# [INPUT]
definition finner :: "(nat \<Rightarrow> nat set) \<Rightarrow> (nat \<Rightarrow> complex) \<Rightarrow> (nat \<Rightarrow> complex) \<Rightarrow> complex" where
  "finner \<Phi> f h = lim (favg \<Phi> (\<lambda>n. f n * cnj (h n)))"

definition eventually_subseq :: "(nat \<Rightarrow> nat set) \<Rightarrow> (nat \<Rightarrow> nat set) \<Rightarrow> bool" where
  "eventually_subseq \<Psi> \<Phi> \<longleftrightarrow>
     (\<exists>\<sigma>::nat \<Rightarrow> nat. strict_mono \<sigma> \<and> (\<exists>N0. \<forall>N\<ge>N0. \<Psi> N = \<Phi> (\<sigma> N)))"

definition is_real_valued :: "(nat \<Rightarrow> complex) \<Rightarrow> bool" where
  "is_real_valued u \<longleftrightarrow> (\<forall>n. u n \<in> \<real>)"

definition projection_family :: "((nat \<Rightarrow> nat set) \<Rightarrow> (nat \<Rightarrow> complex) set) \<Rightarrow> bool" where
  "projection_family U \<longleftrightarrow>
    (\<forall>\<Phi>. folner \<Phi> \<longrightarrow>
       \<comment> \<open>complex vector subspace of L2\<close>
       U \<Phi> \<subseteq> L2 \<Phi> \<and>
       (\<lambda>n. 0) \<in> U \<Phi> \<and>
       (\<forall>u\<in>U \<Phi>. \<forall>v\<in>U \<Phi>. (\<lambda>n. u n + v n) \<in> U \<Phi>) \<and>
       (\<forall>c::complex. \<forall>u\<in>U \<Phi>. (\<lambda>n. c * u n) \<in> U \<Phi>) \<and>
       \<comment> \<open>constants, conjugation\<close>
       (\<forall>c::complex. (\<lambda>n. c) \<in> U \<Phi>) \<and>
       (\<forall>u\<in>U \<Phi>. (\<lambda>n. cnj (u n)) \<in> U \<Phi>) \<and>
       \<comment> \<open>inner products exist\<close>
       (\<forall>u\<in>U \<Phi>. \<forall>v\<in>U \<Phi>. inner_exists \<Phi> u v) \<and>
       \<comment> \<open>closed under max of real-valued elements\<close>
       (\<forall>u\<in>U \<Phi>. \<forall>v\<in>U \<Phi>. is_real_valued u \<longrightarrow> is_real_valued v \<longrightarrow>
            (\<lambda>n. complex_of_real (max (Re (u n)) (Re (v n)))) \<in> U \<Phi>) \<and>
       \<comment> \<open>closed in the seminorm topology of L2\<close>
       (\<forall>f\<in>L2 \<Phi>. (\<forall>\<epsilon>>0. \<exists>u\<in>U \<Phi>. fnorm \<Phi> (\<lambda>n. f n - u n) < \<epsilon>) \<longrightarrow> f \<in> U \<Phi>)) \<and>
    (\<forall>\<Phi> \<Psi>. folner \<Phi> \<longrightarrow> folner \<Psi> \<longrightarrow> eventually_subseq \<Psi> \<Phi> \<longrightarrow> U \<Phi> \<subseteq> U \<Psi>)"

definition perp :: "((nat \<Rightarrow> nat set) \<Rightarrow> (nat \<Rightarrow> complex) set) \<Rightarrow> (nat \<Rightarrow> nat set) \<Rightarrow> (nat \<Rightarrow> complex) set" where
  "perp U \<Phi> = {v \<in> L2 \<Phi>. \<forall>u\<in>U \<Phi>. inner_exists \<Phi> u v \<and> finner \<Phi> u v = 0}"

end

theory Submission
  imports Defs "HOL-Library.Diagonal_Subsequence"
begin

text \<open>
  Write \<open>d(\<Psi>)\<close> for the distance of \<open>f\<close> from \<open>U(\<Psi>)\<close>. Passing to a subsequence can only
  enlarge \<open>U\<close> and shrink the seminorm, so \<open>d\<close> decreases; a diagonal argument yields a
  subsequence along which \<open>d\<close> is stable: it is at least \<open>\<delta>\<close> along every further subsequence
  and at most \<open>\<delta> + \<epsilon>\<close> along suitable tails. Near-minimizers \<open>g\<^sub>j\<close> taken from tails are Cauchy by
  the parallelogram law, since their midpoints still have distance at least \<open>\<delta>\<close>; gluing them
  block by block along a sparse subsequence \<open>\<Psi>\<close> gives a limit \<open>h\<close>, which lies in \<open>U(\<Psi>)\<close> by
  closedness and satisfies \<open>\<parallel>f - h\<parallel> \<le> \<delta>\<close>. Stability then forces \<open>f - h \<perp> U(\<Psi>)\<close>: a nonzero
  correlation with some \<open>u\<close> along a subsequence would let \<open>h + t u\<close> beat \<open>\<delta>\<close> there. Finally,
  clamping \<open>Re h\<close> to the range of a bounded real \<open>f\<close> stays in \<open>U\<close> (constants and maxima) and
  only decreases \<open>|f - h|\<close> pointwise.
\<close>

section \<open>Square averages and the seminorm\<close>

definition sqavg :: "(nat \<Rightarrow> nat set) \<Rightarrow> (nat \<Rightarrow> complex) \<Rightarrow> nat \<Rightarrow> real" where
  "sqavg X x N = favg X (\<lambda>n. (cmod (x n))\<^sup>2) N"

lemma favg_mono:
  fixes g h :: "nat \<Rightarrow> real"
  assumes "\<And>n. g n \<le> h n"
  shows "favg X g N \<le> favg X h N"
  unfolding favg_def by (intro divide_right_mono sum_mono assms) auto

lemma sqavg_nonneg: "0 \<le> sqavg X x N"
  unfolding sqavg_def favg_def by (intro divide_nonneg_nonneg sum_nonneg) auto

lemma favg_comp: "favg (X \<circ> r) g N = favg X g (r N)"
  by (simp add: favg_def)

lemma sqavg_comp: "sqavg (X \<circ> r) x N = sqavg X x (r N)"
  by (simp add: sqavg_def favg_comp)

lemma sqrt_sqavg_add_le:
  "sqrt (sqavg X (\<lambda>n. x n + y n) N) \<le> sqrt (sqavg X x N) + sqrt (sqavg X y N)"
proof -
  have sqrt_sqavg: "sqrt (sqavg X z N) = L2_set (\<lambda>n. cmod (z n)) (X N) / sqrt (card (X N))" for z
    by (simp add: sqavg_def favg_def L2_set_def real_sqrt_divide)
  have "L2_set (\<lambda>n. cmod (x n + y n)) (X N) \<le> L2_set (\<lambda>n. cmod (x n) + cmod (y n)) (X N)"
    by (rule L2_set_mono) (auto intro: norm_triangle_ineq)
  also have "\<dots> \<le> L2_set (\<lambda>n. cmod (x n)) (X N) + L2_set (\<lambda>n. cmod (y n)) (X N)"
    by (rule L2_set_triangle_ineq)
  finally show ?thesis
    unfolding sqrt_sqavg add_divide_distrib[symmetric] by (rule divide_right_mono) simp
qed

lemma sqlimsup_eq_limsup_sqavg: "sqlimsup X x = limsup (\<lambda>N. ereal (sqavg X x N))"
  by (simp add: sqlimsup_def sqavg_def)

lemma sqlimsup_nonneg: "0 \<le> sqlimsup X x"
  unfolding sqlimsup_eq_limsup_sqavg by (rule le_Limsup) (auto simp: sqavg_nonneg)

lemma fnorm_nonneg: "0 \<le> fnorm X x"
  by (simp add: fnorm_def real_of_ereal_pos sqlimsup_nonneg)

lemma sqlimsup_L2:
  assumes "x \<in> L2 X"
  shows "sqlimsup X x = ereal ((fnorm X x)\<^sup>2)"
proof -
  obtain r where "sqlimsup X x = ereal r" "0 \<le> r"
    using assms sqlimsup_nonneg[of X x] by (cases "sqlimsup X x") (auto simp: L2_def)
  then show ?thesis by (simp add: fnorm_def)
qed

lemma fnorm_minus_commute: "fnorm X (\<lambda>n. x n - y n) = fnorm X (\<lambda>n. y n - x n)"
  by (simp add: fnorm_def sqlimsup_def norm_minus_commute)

# [WHAT THE TASK ASKS]
In this exercise, give every record above again exactly.

# [RESULT]
definition finner :: "(nat \<Rightarrow> nat set) \<Rightarrow> (nat \<Rightarrow> complex) \<Rightarrow> (nat \<Rightarrow> complex) \<Rightarrow> complex" where
  "finner \<Phi> f h = lim (favg \<Phi> (\<lambda>n. f n * cnj (h n)))"

definition eventually_subseq :: "(nat \<Rightarrow> nat set) \<Rightarrow> (nat \<Rightarrow> nat set) \<Rightarrow> bool" where
  "eventually_subseq \<Psi> \<Phi> \<longleftrightarrow>
     (\<exists>\<sigma>::nat \<Rightarrow> nat. strict_mono \<sigma> \<and> (\<exists>N0. \<forall>N\<ge>N0. \<Psi> N = \<Phi> (\<sigma> N)))"

definition is_real_valued :: "(nat \<Rightarrow> complex) \<Rightarrow> bool" where
  "is_real_valued u \<longleftrightarrow> (\<forall>n. u n \<in> \<real>)"

definition projection_family :: "((nat \<Rightarrow> nat set) \<Rightarrow> (nat \<Rightarrow> complex) set) \<Rightarrow> bool" where
  "projection_family U \<longleftrightarrow>
    (\<forall>\<Phi>. folner \<Phi> \<longrightarrow>
       \<comment> \<open>complex vector subspace of L2\<close>
       U \<Phi> \<subseteq> L2 \<Phi> \<and>
       (\<lambda>n. 0) \<in> U \<Phi> \<and>
       (\<forall>u\<in>U \<Phi>. \<forall>v\<in>U \<Phi>. (\<lambda>n. u n + v n) \<in> U \<Phi>) \<and>
       (\<forall>c::complex. \<forall>u\<in>U \<Phi>. (\<lambda>n. c * u n) \<in> U \<Phi>) \<and>
       \<comment> \<open>constants, conjugation\<close>
       (\<forall>c::complex. (\<lambda>n. c) \<in> U \<Phi>) \<and>
       (\<forall>u\<in>U \<Phi>. (\<lambda>n. cnj (u n)) \<in> U \<Phi>) \<and>
       \<comment> \<open>inner products exist\<close>
       (\<forall>u\<in>U \<Phi>. \<forall>v\<in>U \<Phi>. inner_exists \<Phi> u v) \<and>
       \<comment> \<open>closed under max of real-valued elements\<close>
       (\<forall>u\<in>U \<Phi>. \<forall>v\<in>U \<Phi>. is_real_valued u \<longrightarrow> is_real_valued v \<longrightarrow>
            (\<lambda>n. complex_of_real (max (Re (u n)) (Re (v n)))) \<in> U \<Phi>) \<and>
       \<comment> \<open>closed in the seminorm topology of L2\<close>
       (\<forall>f\<in>L2 \<Phi>. (\<forall>\<epsilon>>0. \<exists>u\<in>U \<Phi>. fnorm \<Phi> (\<lambda>n. f n - u n) < \<epsilon>) \<longrightarrow> f \<in> U \<Phi>)) \<and>
    (\<forall>\<Phi> \<Psi>. folner \<Phi> \<longrightarrow> folner \<Psi> \<longrightarrow> eventually_subseq \<Psi> \<Phi> \<longrightarrow> U \<Phi> \<subseteq> U \<Psi>)"

definition perp :: "((nat \<Rightarrow> nat set) \<Rightarrow> (nat \<Rightarrow> complex) set) \<Rightarrow> (nat \<Rightarrow> nat set) \<Rightarrow> (nat \<Rightarrow> complex) set" where
  "perp U \<Phi> = {v \<in> L2 \<Phi>. \<forall>u\<in>U \<Phi>. inner_exists \<Phi> u v \<and> finner \<Phi> u v = 0}"

end

theory Submission
  imports Defs "HOL-Library.Diagonal_Subsequence"
begin

text \<open>
  Write \<open>d(\<Psi>)\<close> for the distance of \<open>f\<close> from \<open>U(\<Psi>)\<close>. Passing to a subsequence can only
  enlarge \<open>U\<close> and shrink the seminorm, so \<open>d\<close> decreases; a diagonal argument yields a
  subsequence along which \<open>d\<close> is stable: it is at least \<open>\<delta>\<close> along every further subsequence
  and at most \<open>\<delta> + \<epsilon>\<close> along suitable tails. Near-minimizers \<open>g\<^sub>j\<close> taken from tails are Cauchy by
  the parallelogram law, since their midpoints still have distance at least \<open>\<delta>\<close>; gluing them
  block by block along a sparse subsequence \<open>\<Psi>\<close> gives a limit \<open>h\<close>, which lies in \<open>U(\<Psi>)\<close> by
  closedness and satisfies \<open>\<parallel>f - h\<parallel> \<le> \<delta>\<close>. Stability then forces \<open>f - h \<perp> U(\<Psi>)\<close>: a nonzero
  correlation with some \<open>u\<close> along a subsequence would let \<open>h + t u\<close> beat \<open>\<delta>\<close> there. Finally,
  clamping \<open>Re h\<close> to the range of a bounded real \<open>f\<close> stays in \<open>U\<close> (constants and maxima) and
  only decreases \<open>|f - h|\<close> pointwise.
\<close>

section \<open>Square averages and the seminorm\<close>

definition sqavg :: "(nat \<Rightarrow> nat set) \<Rightarrow> (nat \<Rightarrow> complex) \<Rightarrow> nat \<Rightarrow> real" where
  "sqavg X x N = favg X (\<lambda>n. (cmod (x n))\<^sup>2) N"

lemma favg_mono:
  fixes g h :: "nat \<Rightarrow> real"
  assumes "\<And>n. g n \<le> h n"
  shows "favg X g N \<le> favg X h N"
  unfolding favg_def by (intro divide_right_mono sum_mono assms) auto

lemma sqavg_nonneg: "0 \<le> sqavg X x N"
  unfolding sqavg_def favg_def by (intro divide_nonneg_nonneg sum_nonneg) auto

lemma favg_comp: "favg (X \<circ> r) g N = favg X g (r N)"
  by (simp add: favg_def)

lemma sqavg_comp: "sqavg (X \<circ> r) x N = sqavg X x (r N)"
  by (simp add: sqavg_def favg_comp)

lemma sqrt_sqavg_add_le:
  "sqrt (sqavg X (\<lambda>n. x n + y n) N) \<le> sqrt (sqavg X x N) + sqrt (sqavg X y N)"
proof -
  have sqrt_sqavg: "sqrt (sqavg X z N) = L2_set (\<lambda>n. cmod (z n)) (X N) / sqrt (card (X N))" for z
    by (simp add: sqavg_def favg_def L2_set_def real_sqrt_divide)
  have "L2_set (\<lambda>n. cmod (x n + y n)) (X N) \<le> L2_set (\<lambda>n. cmod (x n) + cmod (y n)) (X N)"
    by (rule L2_set_mono) (auto intro: norm_triangle_ineq)
  also have "\<dots> \<le> L2_set (\<lambda>n. cmod (x n)) (X N) + L2_set (\<lambda>n. cmod (y n)) (X N)"
    by (rule L2_set_triangle_ineq)
  finally show ?thesis
    unfolding sqrt_sqavg add_divide_distrib[symmetric] by (rule divide_right_mono) simp
qed

lemma sqlimsup_eq_limsup_sqavg: "sqlimsup X x = limsup (\<lambda>N. ereal (sqavg X x N))"
  by (simp add: sqlimsup_def sqavg_def)

lemma sqlimsup_nonneg: "0 \<le> sqlimsup X x"
  unfolding sqlimsup_eq_limsup_sqavg by (rule le_Limsup) (auto simp: sqavg_nonneg)

lemma fnorm_nonneg: "0 \<le> fnorm X x"
  by (simp add: fnorm_def real_of_ereal_pos sqlimsup_nonneg)

lemma sqlimsup_L2:
  assumes "x \<in> L2 X"
  shows "sqlimsup X x = ereal ((fnorm X x)\<^sup>2)"
proof -
  obtain r where "sqlimsup X x = ereal r" "0 \<le> r"
    using assms sqlimsup_nonneg[of X x] by (cases "sqlimsup X x") (auto simp: L2_def)
  then show ?thesis by (simp add: fnorm_def)
qed

lemma fnorm_minus_commute: "fnorm X (\<lambda>n. x n - y n) = fnorm X (\<lambda>n. y n - x n)"
  by (simp add: fnorm_def sqlimsup_def norm_minus_commute)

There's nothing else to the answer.